Barcelona

Sanja Iveković

“General Alert—Works, 1974–2007,” the traveling retrospective of the work of Sanja Iveković (curated by Nataša Ilić and Kathrin Romberg), served to open one’s eyes to the recent history of the former Yugoslavia. Iveković was a rare bird in the art scene of Zagreb, where she was born in 1949 and where she studied. Geometrical abstraction and conventional painting predominated, but she has always worked primarily in photomontage and, sometimes, video, and her art addresses a wide range of social, political, and cultural issues.

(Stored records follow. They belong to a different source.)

(* Let $\boldsymbol u_1,\ldots,\boldsymbol u_p\in L^2(\Omega,\mathbb R^n)$. Define recursively $$\boldsymbol v_1=\boldsymbol u_1,\qquad \boldsymbol v_i=\boldsymbol u_i-\sum_{k=1}^{i-1}Z_{ik}\boldsymbol v_k\quad(i=2,\ldots,p),$$ where $$Z_{ik}=\mathbb E_{u_iv_k}\mathbb E_{v_kv_k}^{\dagger}+A_{ik}\big(I-\mathbb E_{v_kv_k}\mathbb E_{v_kv_k}^{\dagger}\big)$$ with arbitrary matrices $A_{ik}\in\mathbb R^{n\times n}$ (no invertibility of $\mathbb E_{v_kv_k}$ is assumed). Then $\boldsymbol v_1,\ldots,\boldsymbol v_p$ are pairwise orthogonal: $\mathbb E_{v_iv_j}=\mathbb O$ for all $i\neq j$.
   Context: $(\Omega,\Sigma,\mu)$ is a probability space and $E[\cdot]$ denotes expectation. For random vectors $\boldsymbol g,\boldsymbol h$, $\mathbb E_{gh}:=E[\boldsymbol g\boldsymbol h^T]-E[\boldsymbol g]E[\boldsymbol h]^T$. $M^\dagger$ denotes the Moore–Penrose pseudo-inverse of a matrix $M$. Matrices act on random vectors pointwise in $\omega$. *)

theory Defs
  imports "HOL-Probability.Probability"
begin

definition pinv :: "real^'n^'n \<Rightarrow> real^'n^'n" where
  "pinv A = (THE X. A ** X ** A = A \<and> X ** A ** X = X \<and>
                    transpose (A ** X) = A ** X \<and> transpose (X ** A) = X ** A)"

definition vexp :: "'a measure \<Rightarrow> ('a \<Rightarrow> real^'n) \<Rightarrow> real^'n" where
  "vexp M g = (\<chi> i. integral\<^sup>L M (\<lambda>\<omega>. g \<omega> $ i))"

definition covm :: "'a measure \<Rightarrow> ('a \<Rightarrow> real^'n) \<Rightarrow> ('a \<Rightarrow> real^'n) \<Rightarrow> real^'n^'n" where
  "covm M g h = (\<chi> i j. integral\<^sup>L M (\<lambda>\<omega>. g \<omega> $ i * h \<omega> $ j))
               - (\<chi> i j. vexp M g $ i * vexp M h $ j)"

definition L2vec :: "'a measure \<Rightarrow> ('a \<Rightarrow> real^'n) \<Rightarrow> bool" where
  "L2vec M g \<longleftrightarrow> g \<in> borel_measurable M \<and> integrable M (\<lambda>\<omega>. (norm (g \<omega>))\<^sup>2)"

end

theory Submission
  imports Defs
begin

(* The Moore-Penrose inverse C\<^sup>+ exists: it inverts C between the row and the column space of C,
   which are the ranges of two orthogonal projection matrices. Hence C C\<^sup>+ C = C.
   For a covariance matrix C = E_ww the quadratic form x\<^sup>T C x is the variance of x\<^sup>T w, so
   C x = 0 makes x\<^sup>T w almost surely constant and therefore uncorrelated with everything:
   E_uw x = 0 for every u. Thus E_uw C\<^sup>+ C = E_uw, i.e. every Z = E_uw C\<^sup>+ + A (I - C C\<^sup>+)
   solves Z C = E_uw. If v_1, ..., v_(i-1) are pairwise uncorrelated, bilinearity of the
   covariance gives E_(v_i v_j) = E_(u_i v_j) - Z_ij E_(v_j v_j) = 0 for j < i, and induction
   on i finishes the proof. *)

section \<open>Orthogonal projections and the Moore--Penrose inverse\<close>

lemma matrix_vector_mult_inner_transpose:
  fixes A :: "real^'n^'m"
  shows "(A *v x) \<bullet> y = x \<bullet> (transpose A *v y)"
  by (metis dot_lmul_matrix inner_commute transpose_matrix_vector)

lemma orthogonal_projection_matrix_exists:
  fixes S :: "(real^'n) set"
  assumes "subspace S"
  obtains P :: "real^'n^'n"
  where "\<And>x. P *v x \<in> S" "\<And>y. y \<in> S \<Longrightarrow> P *v y = y" "transpose P = P"
proof -
  obtain B where B: "pairwise orthogonal B" "\<And>b. b \<in> B \<Longrightarrow> norm b = 1" "independent B"
    "span B = S"
    using orthonormal_basis_subspace[OF assms] by metis
  have "finite B"
    using B(3) by (rule independent_imp_finite)
  define p where "p x = (\<Sum>b\<in>B. (x \<bullet> b) *\<^sub>R b)" for x
  have "linear p"
    by (rule linearI) (simp_all add: p_def inner_add_left scaleR_add_left sum.distrib scaleR_sum_right)
  then have Pv: "matrix p *v x = p x" for x
    by (simp add: matrix_works)
  have "adjoint p = p"
    by (rule adjoint_unique) (simp add: p_def inner_sum_left inner_sum_right inner_commute mult.commute)
  show thesis
  proof
    show "matrix p *v x \<in> S" for x
      unfolding Pv p_def B(4)[symmetric] by (intro span_sum span_scale span_base)
    show "matrix p *v y = y" if "y \<in> S" for y
      using orthonormal_basis_expand[OF B(1,2) _ \<open>finite B\<close>] that B(4) by (simp add: Pv p_def)
    show "transpose (matrix p) = matrix p"
      using matrix_adjoint[OF \<open>linear p\<close>] \<open>adjoint p = p\<close> by simp
  qed
qed

lemma orthogonal_projection_residual_orthogonal:
  fixes P :: "real^'n^'n"
  assumes "\<And>y. y \<in> S \<Longrightarrow> P *v y = y" "transpose P = P" "w \<in> S"
  shows "(x - P *v x) \<bullet> w = 0"
  using assms by (simp add: inner_diff_left matrix_vector_mult_inner_transpose)

lemma matrix_vector_mult_eq_0_iff_orthogonal_row_space:
  fixes A :: "real^'n^'m"
  shows "A *v x = 0 \<longleftrightarrow> (\<forall>y. x \<bullet> (transpose A *v y) = 0)"
  by (metis inner_eq_zero_iff inner_zero_left matrix_vector_mult_inner_transpose)

definition penrose :: "real^'n^'m \<Rightarrow> real^'m^'n \<Rightarrow> bool" where
  "penrose A X \<longleftrightarrow> A ** X ** A = A \<and> X ** A ** X = X \<and>
                    transpose (A ** X) = A ** X \<and> transpose (X ** A) = X ** A"

lemma penrose_unique:
  assumes X: "penrose A X" and Y: "penrose A Y"
  shows "X = Y"
proof -
  let ?T = transpose
  have x: "A ** X ** A = A" "X ** A ** X = X" "?T X ** ?T A = A ** X" "?T A ** ?T X = X ** A"
    using X unfolding penrose_def by (auto simp: matrix_transpose_mul)
  have y: "A ** Y ** A = A" "Y ** A ** Y = Y" "?T Y ** ?T A = A ** Y" "?T A ** ?T Y = Y ** A"
    using Y unfolding penrose_def by (auto simp: matrix_transpose_mul)
  have A_T: "?T A = ?T A ** (A ** Y)" "?T A = (X ** A) ** ?T A"
    by (metis x(1,4) y(1,3) matrix_transpose_mul matrix_mul_assoc)+
  have "X = X ** (?T X ** ?T A)"
    by (metis x(2,3) matrix_mul_assoc)
  also have "\<dots> = X ** A ** Y"
    by (metis A_T(1) x(2,3) matrix_mul_assoc)
  also have "\<dots> = X ** A ** (?T A ** ?T Y) ** Y"
    by (metis y(2,4) matrix_mul_assoc)
  also have "\<dots> = ?T A ** ?T Y ** Y"
    by (metis A_T(2) matrix_mul_assoc)
  also have "\<dots> = Y"
    by (metis y(2,4))
  finally show ?thesis .
qed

Since the ’70s, Iveković has focused on questions of gender and the violence implicit in the mass media’s portrayal of women. Her most famous work, Dvostruki zivot (Double Life), 1975, is composed of sixty-six pairs of photographs, juxtaposing cutouts from fashion magazines and personal photographs of the artist at different ages. In these photos, Iveković seems to simulate the poses or otherwise imitate the situations shown in the ads—in fact, however, the photos were taken independently. In Tragedija jedne Venere (Tragedy of a Venus), the artist comments on the media’s sadistic treatment of Marilyn Monroe; twenty photographs of Monroe are paired with photos of the Croatian artist.

Iveković’s daily life was deeply affected by the Tito regime. During the Yugoslavian president’s visit to Zagreb in 1979, the artist performed the following action, which is documented in photographs and text: While reading a book on her apartment balcony, she simulated masturbation. Although she could not be seen from the street below, where a policeman was stationed, she was in view of someone on the roof of a building across the way; she assumes that this person, armed with binoculars and a walkie-talkie, communicated with the policeman—who soon rang her doorbell and ordered that the “persons and objects are to be removed from the balcony.” The title of the work, Trokut (Triangle)—which was also exhibited at Documenta 12—refers to the three people implicated here, in a situation that makes clear the totalitarian government’s obsession with controlling both public and private space.

With the passage of time, and with Eastern Europe’s move from communism to capitalism, Iveković’s artistic investigation has grown more diverse. A new interest is how the symbols of an earlier era—antifascist heroines, including her own mother, who was a prisoner at Auschwitz—have been forgotten in her country’s rush to embrace capitalism. For Rohrbach Living Memorial, 2005, she invited the citizens of Rohrbach, Austria, to re-create a documentary image of a group of Roma and Sinti awaiting deportation at the hands of the Nazis. Through a subtle artistic practice, Iveković reopens old wounds.

Juan Vicente Aliaga

Translated from Spanish by Jane Brodie.